Indizien, die für die Lieferabsicht sprechen:

  • Speisen sind zum sofortigen Verzehr
  • Wesenseigene einfache, standardisierte Zubereitung der Speisen (keine Einflussnahme des Käufers auf die Zubereitung)
  • Zubereitung häufig nicht auf Bestellung eines bestimmten Kunden (sondern z. B. auf Vorrat)
  • Bloße Bereitstellung behelfsmäßiger Vorrichtungen (z. B. Stehtische, um die Speisen sofort zu verzehren) für eine beschränkte Anzahl von Kunden (stellt eine untergeordnete Nebenleistung dar)
  • Kein Kellner-Service oder sonstige Bedienung der Kunden im eigentlichen Sinne
  • Keine echte Beratung
  • Keine Bereitstellung von temperierten Räumen, Garderobe, Toiletten, Mobiliar und Gedeck (siehe auch EuGH, 2.5.1996, C-231/94)

Hinweis: Zu den „Nahrungsmitteln“ im Rahmen des ermäßigten Umsatzsteuersatzes fallen laut EuGH auch Speisen, die gekocht, gebacken, gebraten oder auf sonstige Weise zum sofortigen Verzehr zubereitet werden.

Die Entscheidung des EuGH

In den ersten drei Fällen hat der EuGH entschieden, dass das überwiegende Element der Umsätze die Lieferung von Speisen zum sofortigen Verzehr war (ermäßigter Steuersatz). Im letzten Fall sah der EuGH vorwiegend eine Dienstleistungsabsicht (regulärer Steuersatz), da die gelieferten Speisen im Rahmen eines Partyservices üblicherweise nicht standardisiert, sondern auf Wunsch eines bestimmten Kunden zu einer ganz bestimmten Zeit für einen bestimmten Ort geliefert, zubereitet und zusammengestellt werden. Zudem bedarf es für einen Partyservice mehr Arbeit und Sachverstand, was für einen größerer Dienstleistungsanteil spricht. Auch sei in diesem Fall ein personeller Einsatz nötig, da auch das bereitgestellte Mobiliar, Geschirr und Besteck etc. gebracht, gereinigt und zurückgeholt werden muss.

Wichtig: Partyservices stellen in der Regel eine Dienstleistung dar und unterliegen damit im Gegensatz zu Kinos und Imbissständen dem regulären Steuersatz. Davon kann nur abgewichen werden, wenn lediglich Standardspeisen ohne ein zusätzliches Dienstleistungselement geliefert werden oder wenn andere Umstände vermehrt auf eine bloße Lieferung hindeuten.

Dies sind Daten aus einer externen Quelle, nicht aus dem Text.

lemma tendsto_zero_from_grid:
  fixes err q :: "real \<Rightarrow> real \<Rightarrow> real" and a h \<epsilon> :: real
  assumes "0 \<le> a" "0 \<le> h" "\<epsilon> > 0"
    and err_nonneg: "\<And>t. 0 \<le> err t \<epsilon>"
    and err_le: "\<And>t \<delta>. 0 \<le> t \<Longrightarrow> \<delta> * exp (a * (t - real (nat \<lfloor>t / h\<rfloor>) * h)) \<le> \<epsilon>
      \<Longrightarrow> err t \<epsilon> \<le> q (real (nat \<lfloor>t / h\<rfloor>) * h) \<delta>"
    and q_lim: "\<And>\<delta>. \<delta> > 0 \<Longrightarrow> (\<lambda>n. q (real n * h) \<delta>) \<longlonglongrightarrow> 0"
  shows "((\<lambda>t. err t \<epsilon>) \<longlongrightarrow> 0) at_top"
proof -
  obtain b where b_bound: "\<And>t. 0 \<le> t \<Longrightarrow> err t \<epsilon> \<le> b t" and b_lim: "(b \<longlongrightarrow> 0) at_top"
  proof (cases "h = 0")
    case True
    \<comment> \<open>then t / h = 0, so the grid is the single time 0, where q vanishes\<close>
    have "err t \<epsilon> \<le> 0" if "0 \<le> t" for t
    proof -
      have "err t \<epsilon> \<le> q 0 (\<epsilon> * exp (- (a * t)))"
        using err_le[OF that, of "\<epsilon> * exp (- (a * t))"] True by (simp add: mult.assoc flip: exp_add)
      also have "\<dots> = 0"
        using q_lim[of "\<epsilon> * exp (- (a * t))"] \<open>\<epsilon> > 0\<close> True by (simp add: LIMSEQ_const_iff)
      finally show ?thesis .
    qed
    then show ?thesis by (rule that[OF _ tendsto_const])
  next
    case False
    with \<open>0 \<le> h\<close> have "0 < h" by simp
    define \<delta> where "\<delta> = \<epsilon> * exp (- (a * h))"
    have "err t \<epsilon> \<le> q (real (nat \<lfloor>t / h\<rfloor>) * h) \<delta>" if "0 \<le> t" for t
    proof (rule err_le[OF that])
      show "\<delta> * exp (a * (t - real (nat \<lfloor>t / h\<rfloor>) * h)) \<le> \<epsilon>"
        using exp_grid_gap_le[OF \<open>0 \<le> a\<close> \<open>0 < h\<close> that] \<open>\<epsilon> > 0\<close>
        unfolding \<delta>_def by (simp add: mult.assoc mult_left_le)
    qed
    moreover have "(\<lambda>n. q (real n * h) \<delta>) \<longlonglongrightarrow> 0"
      using \<open>\<epsilon> > 0\<close> by (intro q_lim) (simp add: \<delta>_def)
    then have "((\<lambda>t. q (real (nat \<lfloor>t / h\<rfloor>) * h) \<delta>) \<longlongrightarrow> 0) at_top"
      by (rule filterlim_compose[OF _ filterlim_grid_floor[OF \<open>0 < h\<close>]])
    ultimately show ?thesis by (rule that)
  qed
  show ?thesis
  proof (rule tendsto_sandwich[OF _ _ tendsto_const b_lim])
    show "eventually (\<lambda>t. 0 \<le> err t \<epsilon>) at_top" by (simp add: err_nonneg)
    show "eventually (\<lambda>t. err t \<epsilon> \<le> b t) at_top"
      using eventually_ge_at_top[of 0] by (rule eventually_mono) (rule b_bound)
  qed
qed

Praxis-Tipp: die Abgrenzungskriterien weichen von der bisherigen Rechtsprechung und den Grundsätzen der deutschen Finanzverwaltung ab. Gastronomen, Caterer oder Kinobetreiber sollten daher die Umsatzbesteuerung ihrer Speisen zum sofortigen Verzehr kritisch überprüfen und gegenteilige Steuerfestsetzungen durch das Finanzamt offenhalten, indem sie sich auf das besagte EuGH-Urteil berufen.